Она кивнула головой, как кукла.
— Не будем, пожалуйста, не будем говорить об этом! — воскликнула она. — Я сейчас! Только умоюсь.
С неожиданной легкостью она выпорхнула из комнатенки.
— Интересный экземпляр, — сказал Гампель Ослабову, — конечно, только для клинических наблюдений. Тыловая эротика уже не удовлетворяется обыкновенным развратом, даже насилием. Требуется нечто новое, психически более изощренное. Авдотья Петровна немножко того — вы заметили?
Гампель ткнул себя пальцем в пробор.
— У нее, по-видимому, истерия. И в очень сильной форме, — определил Ослабов.
— Ее изнасиловали. Муж ее, говорят, убит. Она попала в теплушку. Оттуда не выходят в нормальном виде. Как женщина, она, конечно, копейки не стоит. Приходится промышлять психологией. Вы не верьте, что она тут ломается. Она всем рассказывает, что с ней было. Ну, тут возможны наводящие вопросики. Публике это нравится.
Он гадко засмеялся.
— Но это ужас что такое! — возмутился Ослабов.
— Каждый зарабатывает чем может. Она и нам расскажет.
— Не надо! Не надо! Я не могу! — затрясся Ослабов.

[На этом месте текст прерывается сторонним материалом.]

(* Under Conditions 1 and 2, for every $k\in\mathbb Z_+$, $\mathbf y=(y_1,\dots,y_k)\in\mathbb R_+^k$ and $u\in\mathbb R$, $$\lim_{n\to\infty}\int_0^\infty e^{\mathrm iut}R^{(n)}_\beta(\gamma_nt,k,\mathbf y)\,dt=\Big(\sum_{j=1}^ky_j\Big)\int_0^\infty e^{\mathrm iut}\frac1\sigma\exp\Big\{-\Big(\frac{b+m}{\sigma\lambda}+\beta\Big)t\Big\}dt .$$
   Context: Notation: $\mathbb Z_+=\{1,2,\dots\}$, $\mathbb R_+=[0,\infty)$. For each $n\ge1$: $\lambda^{(n)}>0$; a probability $\Lambda^{(n)}$ on $\mathbb R_+$ with tail $\bar\Lambda^{(n)}(t)=\Lambda^{(n)}((t,\infty))$, $\eta^{(n)}=\int_0^\infty y\Lambda^{(n)}(dy)$, $\sigma^{(n)}=\frac12\int_0^\infty y^2\Lambda^{(n)}(dy)$ finite; probability laws $(p_k^{(n)})_{k\ge1}$, $(q_k^{(n)})_{k\ge1}$ on $\mathbb Z_+$ with generating functions $g^{(n)},h^{(n)}$, $m^{(n)}=\sum_kkp_k^{(n)}<\infty$; $\gamma_n>0$ with $\gamma_n\to\infty$, $\gamma_n/n\to\gamma_*\in[0,\infty)$. $\phi^{(n)}(z)=n\gamma_n[g^{(n)}(1-z/n)-(1-z/n)]$, $\psi^{(n)}(z)=\gamma_n[1-h^{(n)}(1-z/n)]$ for $z\in[0,n]$. Condition 1: (i) $\lambda^{(n)}\to\lambda>0$, $\eta^{(n)}\to\eta>0$, $\sigma^{(n)}\to\sigma>0$, $\gamma_n(1-\lambda^{(n)}\eta^{(n)})\to b\in\mathbb R$; (ii) $\psi^{(n)}\to\psi$ uniformly on compacts of $[0,\infty)$; (iii) $\{\phi^{(n)}\}$ is uniformly Lipschitz on bounded intervals and converges uniformly on compacts to a continuous $\phi$. Under Condition 1, $\lambda\eta=1$ and $m:=\lim_n\gamma_n(1-m^{(n)})$ exists (so $\gamma_n(1-\lambda^{(n)}\eta^{(n)}m^{(n)})\to b+m$). Condition 2 (for some $\alpha\in(1,2)$): (1) there are $C,k_0>0$ with $n\gamma_n\sum_{k\ge k_0}(k/n)^\alpha p^{(n)}_k+\sum_kk^\alpha q^{(n)}_k\le C$ for all $n$, and $\lim_{k_1\to\infty}\limsup_n\gamma_n\sum_{k\ge k_1}kp^{(n)}_k=0$; (2) there are $C_0>0$ and a probability $\Lambda^*$ on $\mathbb R_+$ with $\int t^{2\alpha}\Lambda^*(dt)<\infty$ and $\bar\Lambda^{(n)}\le C_0\bar\Lambda^*$ for all $n$. Fix $\beta\in[0,\infty)$ with $\beta>-(b+m)/(\sigma\lambda)$. Let $R^{(n)}$ be the unique locally integrable solution of $R^{(n)}(t)=\lambda^{(n)}m^{(n)}\bar\Lambda^{(n)}(t)+\lambda^{(n)}m^{(n)}\int_0^tR^{(n)}(t-s)\bar\Lambda^{(n)}(s)ds$, $t\ge0$, and $R^{(n)}_\beta(t)=e^{-\beta t/\gamma_n}R^{(n)}(t)$. For $k\in\mathbb Z_+$, $\mathbf y=(y_1,\dots,y_k)\in\mathbb R_+^k$: $R^{(n)}(t,k,\mathbf y)=\sum_{j=1}^k\big[\lambda^{(n)}\mathbf 1_{\{y_j>t\}}+\lambda^{(n)}\int_0^tR^{(n)}(t-s)\mathbf 1_{\{y_j>s\}}ds\big]$ and $R^{(n)}_\beta(t,k,\mathbf y)=e^{-\beta t/\gamma_n}R^{(n)}(t,k,\mathbf y)$. *)

theory Defs
  imports "HOL-Probability.Probability"
begin

definition tail :: "real measure \<Rightarrow> real \<Rightarrow> real" where
  "tail M t = measure M {t<..}"

definition prob_law_Zplus :: "(nat \<Rightarrow> real) \<Rightarrow> bool" where
  "prob_law_Zplus p \<longleftrightarrow> (\<forall>k. 0 \<le> p k) \<and> p 0 = 0 \<and> p sums 1"

definition genfun :: "(nat \<Rightarrow> real) \<Rightarrow> real \<Rightarrow> real" where
  "genfun p s = (\<Sum>k. p k * s ^ k)"

definition mean_Z :: "(nat \<Rightarrow> real) \<Rightarrow> real" where
  "mean_Z p = (\<Sum>k. real k * p k)"

definition phi_n :: "nat \<Rightarrow> real \<Rightarrow> (nat \<Rightarrow> real) \<Rightarrow> real \<Rightarrow> real" where
  "phi_n n gam p z = real n * gam * (genfun p (1 - z / real n) - (1 - z / real n))"

definition psi_n :: "nat \<Rightarrow> real \<Rightarrow> (nat \<Rightarrow> real) \<Rightarrow> real \<Rightarrow> real" where
  "psi_n n gam q z = gam * (1 - genfun q (1 - z / real n))"

text \<open>\<open>R(t,k,y) = \<Sum>\<^sub>j\<^sub>=\<^sub>1\<^sup>k [\<lambda> 1{y_j>t} + \<lambda> \<integral>\<^sub>0\<^sup>t R(t-s) 1{y_j>s} ds]\<close>;
  the vector \<open>y \<in> \<real>\<^sub>+\<^sup>k\<close> is a function on nat, only \<open>y 1, ..., y k\<close> matter.\<close>
definition Rky :: "real \<Rightarrow> (real \<Rightarrow> real) \<Rightarrow> nat \<Rightarrow> (nat \<Rightarrow> real) \<Rightarrow> real \<Rightarrow> real" where
  "Rky lam R k y t =
     (\<Sum>j=1..k. lam * (if y j > t then 1 else 0)
        + lam * set_lebesgue_integral lborel {0..t} (\<lambda>s. R (t - s) * (if y j > s then 1 else 0)))"

definition Rky_beta :: "real \<Rightarrow> real \<Rightarrow> real \<Rightarrow> (real \<Rightarrow> real) \<Rightarrow> nat \<Rightarrow> (nat \<Rightarrow> real) \<Rightarrow> real \<Rightarrow> real" where
  "Rky_beta beta gam lam R k y t = exp (- beta * t / gam) * Rky lam R k y t"

end

theory Submission
  imports Defs
begin

text \<open>
  Pass to Laplace transforms \<open>L f s = \<integral>\<^sub>0\<^sup>\<infinity> exp (-s t) f t dt\<close>. A renewal inequality
  makes \<open>exp (-a t) R(t)\<close> integrable as soon as \<open>\<lambda> m \<integral>\<^sub>0\<^sup>\<infinity> exp (-a t) tail \<Lambda> t dt < 1\<close>;
  the renewal equation then becomes \<open>(1 + L R) (1 - \<lambda> m L (tail \<Lambda>)) = 1\<close>, which expresses
  \<open>L R(\<cdot>,k,y)\<close> through the transforms of the indicators of \<open>[0,y\<^sub>j)\<close>. Rescaling time by \<open>\<gamma>\<^sub>n\<close>
  turns the integral of the theorem into this transform at \<open>s/\<gamma>\<^sub>n\<close>, \<open>s = \<beta> - iu\<close>, divided by
  \<open>\<gamma>\<^sub>n\<close>. Expanding \<open>exp (-z) = 1 - z + O(min (|z|\<^sup>2) |z|)\<close> under a tail dominated by the tail of
  a law with finite second moment (Condition 2) gives \<open>\<gamma>\<^sub>n (1 - \<lambda> m L (tail \<Lambda>) (s/\<gamma>\<^sub>n)) \<rightarrow> b + m + \<lambda>\<sigma>s\<close>,
  while the indicator transforms tend to \<open>y\<^sub>j\<close>; the limit \<open>\<lambda> \<Sigma>\<^sub>j y\<^sub>j / (b + m + \<lambda>\<sigma>s)\<close> is the
  Fourier transform on the right-hand side. The convergence of \<open>\<gamma>\<^sub>n (1 - m\<^sup>(\<^sup>n\<^sup>))\<close> itself follows by
  comparing it with \<open>\<phi>\<^sup>(\<^sup>n\<^sup>)(z)/z\<close> for small \<open>z > 0\<close>.
\<close>

lemma pred_in_atLeast[measurable (raw)]:
  assumes [measurable]: "f \<in> borel_measurable M" "g \<in> borel_measurable M"
  shows "Measurable.pred M (\<lambda>x. (f x::real) \<in> {g x..})"
  unfolding atLeast_iff by measurable

lemma pred_in_greaterThan[measurable (raw)]:
  assumes [measurable]: "f \<in> borel_measurable M" "g \<in> borel_measurable M"
  shows "Measurable.pred M (\<lambda>x. (f x::real) \<in> {g x<..})"
  unfolding greaterThan_iff by measurable

definition L2_lifetime_law :: "real measure \<Rightarrow> bool" where
  "L2_lifetime_law M \<longleftrightarrow> prob_space M \<and> sets M = sets borel \<and> measure M {..<0} = 0
     \<and> integrable M (\<lambda>x. x) \<and> integrable M (\<lambda>x. x ^ 2)"

lemma tail_nonneg: "0 \<le> tail M t"
  by (simp add: tail_def)

lemma tail_antimono:
  assumes "finite_measure M" "sets M = sets borel" "s \<le> t"
  shows "tail M t \<le> tail M s"
  unfolding tail_def using assms by (intro finite_measure.finite_measure_mono) auto

lemma borel_measurable_tail:
  assumes "finite_measure M" "sets M = sets borel"
  shows "tail M \<in> borel_measurable borel"
proof -
  have "mono (\<lambda>t. - tail M t)"
    using tail_antimono[OF assms] by (auto simp: mono_def)
  then have "(\<lambda>t. - (- tail M t)) \<in> borel_measurable borel"
    by (intro borel_measurable_uminus borel_measurable_mono)
  then show ?thesis by simp
qed

lemma AE_nonneg_of_measure_negative_0:
  assumes "finite_measure M" "sets M = sets borel" "measure M {..<0} = 0"
  shows "AE x in M. 0 \<le> (x::real)"
proof -
  have "{..<0} \<in> null_sets M"
    using assms by (simp add: null_sets_def finite_measure.emeasure_eq_measure)
  from AE_not_in[OF this] show ?thesis by (auto elim: eventually_mono)
qed

lemma nn_integral_weighted_tail:
  fixes M :: "real measure" and w W :: "real \<Rightarrow> real"
  assumes M: "prob_space M" "sets M = sets borel" "measure M {..<0} = 0"
    and [measurable]: "w \<in> borel_measurable borel"
    and w0: "\<And>t. 0 \<le> t \<Longrightarrow> 0 \<le> w t"
    and W: "\<And>x. 0 \<le> x \<Longrightarrow> (w has_integral W x) {0..x}"
  shows "(\<integral>\<^sup>+t. indicator {0..} t * ennreal (w t * tail M t) \<partial>lborel) = (\<integral>\<^sup>+x. ennreal (W x) \<partial>M)"
proof -
  interpret prob_space M by (rule M(1))
  interpret P: pair_sigma_finite lborel M ..
  have meas: "(\<lambda>(t, x). indicator {0..} t * ennreal (w t) * indicator {t<..} x) \<in> borel_measurable (lborel \<Otimes>\<^sub>M M)"
  proof -
    have "(\<lambda>(t, x). indicator {0..} t * ennreal (w t) * indicator {t<..} (x::real)) \<in> borel_measurable (borel \<Otimes>\<^sub>M borel)"
      by measurable
    then show ?thesis
      by (simp add: measurable_cong_sets[OF sets_pair_measure_cong[OF sets_lborel M(2)] refl])
  qed
  have "(\<integral>\<^sup>+t. indicator {0..} t * ennreal (w t * tail M t) \<partial>lborel)
      = (\<integral>\<^sup>+t. \<integral>\<^sup>+x. indicator {0..} t * ennreal (w t) * indicator {t<..} x \<partial>M \<partial>lborel)"
  proof (intro nn_integral_cong)
    fix t :: real
    have "{t<..} \<in> sets M" using M(2) by simp
    then have "(\<integral>\<^sup>+x. indicator {0..} t * ennreal (w t) * indicator {t<..} x \<partial>M)
        = indicator {0..} t * ennreal (w t) * emeasure M {t<..}"
      by (subst nn_integral_cmult) auto
    then show "indicator {0..} t * ennreal (w t * tail M t)
        = (\<integral>\<^sup>+x. indicator {0..} t * ennreal (w t) * indicator {t<..} x \<partial>M)"
      using w0[of t] by (cases "0 \<le> t") (simp_all add: tail_def emeasure_eq_measure ennreal_mult)
  qed
  also have "\<dots> = (\<integral>\<^sup>+x. \<integral>\<^sup>+t. indicator {0..} t * ennreal (w t) * indicator {t<..} x \<partial>lborel \<partial>M)"
    by (rule P.Fubini'[symmetric]) (use meas in simp)
  also have "\<dots> = (\<integral>\<^sup>+x. ennreal (W x) \<partial>M)"
  proof (intro nn_integral_cong_AE)
    show "AE x in M. (\<integral>\<^sup>+t. indicator {0..} t * ennreal (w t) * indicator {t<..} x \<partial>lborel) = ennreal (W x)"
      using AE_nonneg_of_measure_negative_0[OF finite_measure_axioms M(2,3)]
    proof eventually_elim
      fix x :: real assume x: "0 \<le> x"
      have "(\<integral>\<^sup>+t. indicator {0..} t * ennreal (w t) * indicator {t<..} x \<partial>lborel)
          = (\<integral>\<^sup>+t. ennreal (indicator {0..x} t * w t) \<partial>lborel)"
      proof (intro nn_integral_cong_AE)
        show "AE t in lborel. indicator {0..} t * ennreal (w t) * indicator {t<..} x = ennreal (indicator {0..x} t * w t)"
          using AE_lborel_singleton[of x] by eventually_elim (auto simp: indicator_def)
      qed
      also have "\<dots> = ennreal (W x)"
        by (rule nn_integral_has_integral_lebesgue) (use w0 W x in auto)
      finally show "(\<integral>\<^sup>+t. indicator {0..} t * ennreal (w t) * indicator {t<..} x \<partial>lborel) = ennreal (W x)" .
    qed
  qed
  finally show ?thesis .
qed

— Странно, что вы, будучи доктором, не интересуетесь такими наблюдениями!
Авдотья Петровна уже входила в кабинет, насколько возможно подправленная и прибранная, с напудренным носом и подбородком. Серых своих губ она не подводила: это было не в принятом ею типе.
— А я думал, что Коломбина нас обманет! — весело воскликнул Гампель. — Ведь все Коломбины — обманщицы и плутовки!
— Я не хочу сегодня быть Коломбиной. Можно мне просто быть Авдотьей Петровной, — наивничая и не без остатков кокетства, спросила она.
— О, конечно! Вы же понимаете… Мы видим в вас такого же человека, как мы! — распинался Гампель.
— Спасибо вам. Я вас где-то видела?
— Здесь же, в прошлый мой приезд.
На минуту испуг опять всплеснулся в ее глазах, но она отогнала его.
— А это ваш товарищ? — показала она на Ослабова.
— Это мой друг, знаменитый петербургский врач, едет на фронт. Он мог бы помочь вам, если б вы ему все рассказали.
— Не надо, не надо! Я прошу вас, не надо! — вмешался Ослабов.
— Ведь это совсем другое, — вкрадчиво продолжал, не слушая его, Гампель, — одно дело рассказывать пьяницам для развлечения, другое дело — доктору.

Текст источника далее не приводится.